Henin's fathe, Pierre-Yves Henin, told AFP the men were "about to get on a plane to come back," and that their morale was "particularly good." He told BFM-TV the family had been aware of recent "contacts," and had hoped they would "prove fruitful," but that the news that his son was free was nonetheless a surprise.
The head of Europe 1, Denis Olivennes, described emotional scenes in the office. "It is an immense joy, we are in tears," he said. "We have endured 10 months of terrible anxiety and anguish. Now they are freed, I have no words to describe how it feels. I want to thank the authorities that have permitted their liberation, all those who mobilised, the families... the list is too long."
The four men's liberation comes weeks after two Spanish journalists taken hostage in Syria by an Al-Qaeda-linked group called the Islamic State of Iraq and the Levant also walked free. El Mundo correspondent Javier Espinosa, 49, and freelance photographer Ricardo Garcia Vilanova, 42, were released and handed over to the Turkish military last month. They had been in captivity since September.

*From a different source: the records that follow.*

lemma AA_descent_step:
  assumes "s = AA" "1 \<le> k" "descent k" "l \<le> \<mu> k"
  shows "\<mu> (Suc k) \<le> \<mu> k - (1 - \<alpha>) * l / (card (descents (k - 1)) + 1)"
proof -
  define c where "c = real (card (descents (k - 1)))"
  have "res T (x (Suc k)) + c * \<mu> k \<le> (c + 1) * \<mu> k - (1 - \<alpha>) * l"
    using assms(3,4) alpha_lt_1 mult_left_mono[OF assms(4), of "1 - \<alpha>"]
    by (simp add: suff_desc_def algebra_simps)
  then have "(res T (x (Suc k)) + c * \<mu> k) / (c + 1) \<le> ((c + 1) * \<mu> k - (1 - \<alpha>) * l) / (c + 1)"
    by (intro divide_right_mono) (auto simp: c_def)
  also have "\<dots> = \<mu> k - (1 - \<alpha>) * l / (c + 1)"
    by (simp add: c_def field_simps)
  finally have "(res T (x (Suc k)) + c * \<mu> k) / (c + 1) \<le> \<mu> k - (1 - \<alpha>) * l / (c + 1)" .
  moreover have "\<mu> (Suc k) = (res T (x (Suc k)) + c * \<mu> k) / (c + 1)"
    using assms(1,3) unfolding mu_Suc[OF assms(2)] next_mu_def card_descents_before_eq
    by (simp add: Let_def c_def)
  ultimately show ?thesis by (simp add: c_def ac_simps)
qed

lemma RM_window_contains_descent:
  assumes "s = RM m" "1 \<le> k" "descent k"
  shows "k \<in> recent m (descents k)"
proof -
  have "1 \<le> m" using valid assms(1) by (simp add: valid_scheme_def)
  have "k \<in> descents k" using assms(2,3) by (simp add: desc_set_def)
  moreover have "Max (descents k) = k"
    using \<open>k \<in> descents k\<close> by (intro Max_eqI finite_desc_set) (auto simp: desc_set_def)
  ultimately show ?thesis using Max_in_recent[OF finite_desc_set _ \<open>1 \<le> m\<close>] by fastforce
qed

lemma mu_ge_RM_window:
  assumes "s = RM m" "1 \<le> k"
  shows "\<forall>j\<in>recent m (descents (k - 1)). res T (x (Suc j)) \<le> \<mu> k"
  using assms(2)
proof (induction k rule: dec_induct)
  case base
  then show ?case by (simp add: desc_set_def recent_def)
next
  case (step k)
  show ?case
  proof (cases "descent k")
    case False
    then show ?thesis using step mu_Suc_if_not_descent desc_set_eq_if[OF step(1), of T \<alpha> x \<mu>] by simp
  next
    case True
    have "finite (recent m (descents k))" by (simp add: finite_recent finite_desc_set)
    then show ?thesis
      using True step(1) assms(1) by (simp add: mu_Suc next_mu_def)
  qed
qed

lemma mu_nonneg: "1 \<le> k \<Longrightarrow> 0 \<le> \<mu> k"
proof (induction k rule: dec_induct)
  case base
  then show ?case by (metis One_nat_def mu_1 res_nonneg)
next
  case (step k)
  have res_Suc: "0 \<le> res T (x (Suc k))" by (rule res_nonneg)
  show ?case
  proof (cases "descent k")
    case False
    then show ?thesis using step mu_Suc_if_not_descent by simp
  next
    case True
    show ?thesis
    proof (cases s)
      case (RM m)
      have "res T (x (Suc k)) \<le> Max ((\<lambda>j. res T (x (Suc j))) ` recent m (descents k))"
        using RM_window_contains_descent[OF RM step(1) True]
        by (intro Max_ge finite_imageI finite_recent finite_desc_set) auto
      then have "0 \<le> Max ((\<lambda>j. res T (x (Suc j))) ` recent m (descents k))"
        by (rule order_trans[OF res_nonneg])
      then show ?thesis using RM True step(1) by (simp add: mu_Suc next_mu_def)
    qed (use True step(1,3) res_Suc valid in
          \<open>simp_all add: mu_Suc next_mu_def valid_scheme_def Let_def\<close>)
  qed
qed

lemma mu_Suc_le:
  assumes "1 \<le> k"
  shows "\<mu> (Suc k) \<le> \<mu> k"
proof (cases "descent k")
  case False
  then show ?thesis using mu_Suc_if_not_descent assms by simp
next
  case True
  have "res T (x (Suc k)) \<le> \<alpha> * \<mu> k" using True by (simp add: suff_desc_def)
  also have "\<dots> \<le> \<mu> k" using mu_nonneg[OF assms] alpha_pos alpha_lt_1 by (simp add: mult_left_le_one_le)
  finally have res_le: "res T (x (Suc k)) \<le> \<mu> k" .
  show ?thesis
  proof (cases s)
    case (GS \<theta>)
    then show ?thesis using True assms valid mu_nonneg[OF assms]
      by (simp add: mu_Suc next_mu_def valid_scheme_def mult_left_le_one_le)
  next
    case (EMA \<theta>)
    then have "\<theta> * res T (x (Suc k)) + (1 - \<theta>) * \<mu> k \<le> \<theta> * \<mu> k + (1 - \<theta>) * \<mu> k"
      using res_le valid by (simp add: valid_scheme_def)
    then show ?thesis using EMA True assms by (simp add: mu_Suc next_mu_def algebra_simps)
  next
    case (RM m)
    have "recent m (descents k) \<subseteq> insert k (recent m (descents (k - 1)))"
      using desc_set_eq_if[OF assms, of T \<alpha> x \<mu>] True
        recent_insert_subset[OF finite_desc_set, of m k T \<alpha> x \<mu> "k - 1"] by simp
    then have "\<forall>j\<in>recent m (descents k). res T (x (Suc j)) \<le> \<mu> k"
      using mu_ge_RM_window[OF RM assms] res_le by auto
    moreover have "recent m (descents k) \<noteq> {}"
      using RM_window_contains_descent[OF RM assms True] by blast
    ultimately show ?thesis
      using RM True assms by (simp add: mu_Suc next_mu_def finite_recent finite_desc_set)
  next
    case RT
    then show ?thesis using True assms res_le by (simp add: mu_Suc next_mu_def)
  next
    case AA
    then show ?thesis using AA_descent_step[OF AA assms True mu_nonneg[OF assms]] by simp
  qed
qed

lemma mu_antimono:
  assumes "1 \<le> i" "i \<le> j"
  shows "\<mu> j \<le> \<mu> i"
  using assms(2)
proof (induction j rule: dec_induct)
  case (step j)
  then show ?case using mu_Suc_le[of j] assms(1) by simp
qed simp

lemma mu_converges: "\<exists>l. \<mu> \<longlonglongrightarrow> l \<and> 0 \<le> l \<and> (\<forall>k\<ge>1. l \<le> \<mu> k)"
proof -
  have "decseq (\<lambda>k. \<mu> (Suc k))" unfolding decseq_Suc_iff using mu_Suc_le by simp
  moreover have "\<forall>k. 0 \<le> \<mu> (Suc k)" using mu_nonneg by simp
  ultimately obtain l where lim: "(\<lambda>k. \<mu> (Suc k)) \<longlonglongrightarrow> l" and le: "\<forall>k. l \<le> \<mu> (Suc k)"
    using decseq_convergent by blast
  have "\<forall>k\<ge>1. l \<le> \<mu> k" using le by (metis Suc_pred' less_eq_Suc_le One_nat_def)
  moreover have "0 \<le> l" using LIMSEQ_le_const[OF lim] mu_nonneg by simp
  ultimately show ?thesis using LIMSEQ_imp_Suc[OF lim] by blast
qed

lemma AA_harmonic_bound:
  assumes "s = AA" "\<forall>k\<ge>1. l \<le> \<mu> k" "1 \<le> k"
  shows "\<mu> k + (1 - \<alpha>) * l * harm (card (descents (k - 1))) \<le> \<mu> 1"
  using assms(3)
proof (induction k rule: dec_induct)
  case base
  have "descents 0 = {}" by (simp add: desc_set_def)
  then show ?case by (simp add: harm_def)
next
  case (step k)
  show ?case
  proof (cases "descent k")
    case False
    then show ?thesis
      using step mu_Suc_if_not_descent desc_set_eq_if[OF step(1), of T \<alpha> x \<mu>] by simp
  next
    case True
    define n where "n = card (descents (k - 1))"
    have "(1 - \<alpha>) * l * harm (card (descents k)) = (1 - \<alpha>) * l * harm n + (1 - \<alpha>) * l / (n + 1)"
      using card_descents_eq_Suc[OF step(1) True]
      by (simp add: n_def harm_Suc inverse_eq_divide distrib_left add.commute)
    moreover have "\<mu> (Suc k) \<le> \<mu> k - (1 - \<alpha>) * l / (n + 1)"
      using AA_descent_step[OF assms(1) step(1) True] assms(2) step(1) by (simp add: n_def)
    ultimately show ?thesis using step.IH by (simp add: n_def)
  qed
qed

end

locale safe_l2o_descending = safe_l2o_run +
  assumes frequent_descent: "\<exists>\<^sub>F k in sequentially. suff_desc T \<alpha> x \<mu> k"
begin

lemma descent_beyond: "\<exists>k\<ge>K. 1 \<le> k \<and> descent k"
  using frequent_descent unfolding frequently_sequentially by (metis max.bounded_iff)

lemma infinite_descents_beyond: "infinite {j. K \<le> j \<and> descent j}"
  unfolding infinite_nat_iff_unbounded_le using descent_beyond by (metis max.bounded_iff mem_Collect_eq)

lemma mu_tendsto_0_if_contracting:
  assumes "c < 1" and contract: "\<And>K. 1 \<le> K \<Longrightarrow> \<exists>k\<ge>K. \<mu> (Suc k) \<le> c * \<mu> K"
  shows "\<mu> \<longlonglongrightarrow> 0"
proof -
  obtain l where l: "\<mu> \<longlonglongrightarrow> l" "0 \<le> l" "\<forall>k\<ge>1. l \<le> \<mu> k"
    using mu_converges by blast
  have "l = 0"
  proof (rule limit_eq_0_if_contracted[OF l(1,2) assms(1)])
    fix K :: nat assume "1 \<le> K"
    then obtain k where "K \<le> k" "\<mu> (Suc k) \<le> c * \<mu> K" using contract by blast
    moreover have "l \<le> \<mu> (Suc k)" using l(3) by simp
    ultimately show "l \<le> c * \<mu> K" by linarith
  qed
  then show ?thesis using l(1) by simp
qed

lemma GS_contracting:
  assumes "s = GS \<theta>" "1 \<le> K"
  shows "\<exists>k\<ge>K. \<mu> (Suc k) \<le> \<theta> * \<mu> K"
proof -
  obtain k where k: "K \<le> k" "descent k" using descent_beyond by blast
  have "\<mu> (Suc k) = \<theta> * \<mu> k" using assms k by (simp add: mu_Suc next_mu_def)
  also have "\<dots> \<le> \<theta> * \<mu> K"
    using mu_antimono[OF assms(2) k(1)] valid assms(1) by (simp add: valid_scheme_def)
  finally show ?thesis using k(1) by blast
qed

lemma RT_contracting:
  assumes "s = RT" "1 \<le> K"
  shows "\<exists>k\<ge>K. \<mu> (Suc k) \<le> \<alpha> * \<mu> K"
proof -
  obtain k where k: "K \<le> k" "descent k" using descent_beyond by blast
  have "\<mu> (Suc k) = res T (x (Suc k))" using assms k by (simp add: mu_Suc next_mu_def)
  also have "\<dots> \<le> \<alpha> * \<mu> k" using k(2) by (simp add: suff_desc_def)
  also have "\<dots> \<le> \<alpha> * \<mu> K" using mu_antimono[OF assms(2) k(1)] alpha_pos by simp
  finally show ?thesis using k(1) by blast
qed

lemma EMA_contracting:
  assumes "s = EMA \<theta>" "1 \<le> K"
  shows "\<exists>k\<ge>K. \<mu> (Suc k) \<le> (1 - \<theta> * (1 - \<alpha>)) * \<mu> K"
proof -
  have \<theta>: "0 < \<theta>" "\<theta> < 1" using valid assms(1) by (auto simp: valid_scheme_def)
  then have "0 \<le> 1 - \<theta> * (1 - \<alpha>)"
    using alpha_pos alpha_lt_1 by (simp add: mult_le_one)
  obtain k where k: "K \<le> k" "descent k" using descent_beyond by blast
  have "\<mu> (Suc k) = \<theta> * res T (x (Suc k)) + (1 - \<theta>) * \<mu> k"
    using assms k by (simp add: mu_Suc next_mu_def)
  also have "\<dots> \<le> \<theta> * (\<alpha> * \<mu> k) + (1 - \<theta>) * \<mu> k"
    using k(2) \<theta> by (simp add: suff_desc_def)
  also have "\<dots> = (1 - \<theta> * (1 - \<alpha>)) * \<mu> k" by (simp add: algebra_simps)
  also have "\<dots> \<le> (1 - \<theta> * (1 - \<alpha>)) * \<mu> K"
    using mu_antimono[OF assms(2) k(1)] \<open>0 \<le> 1 - \<theta> * (1 - \<alpha>)\<close> by (rule mult_left_mono)
  finally show ?thesis using k(1) by blast
qed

Thanking "all those who contributed to the successful outcome," the president said the men would return to France "in the coming hours." He reaffirmed his "deep commitment to the freedom of the press, which demands respect for the security and integrity of journalists in their role of providing information." Hollande said his attention was now with two other French citizens still held in the Sahel region of Africa, reaffirming his determination to obtain their release.
Among those still being held in Syria are U.S. journalist James Foley, who had been working for Global Post, Agence France-Presse and other international media and went missing in November 2012, and Austin Tice, who disappeared in August the same year.
The New-York based Committee to Protect Journalists said in a report Wednesday that Syria was the most dangerous country for journalists, highlighting a rising number of "targeted killings" of reporters.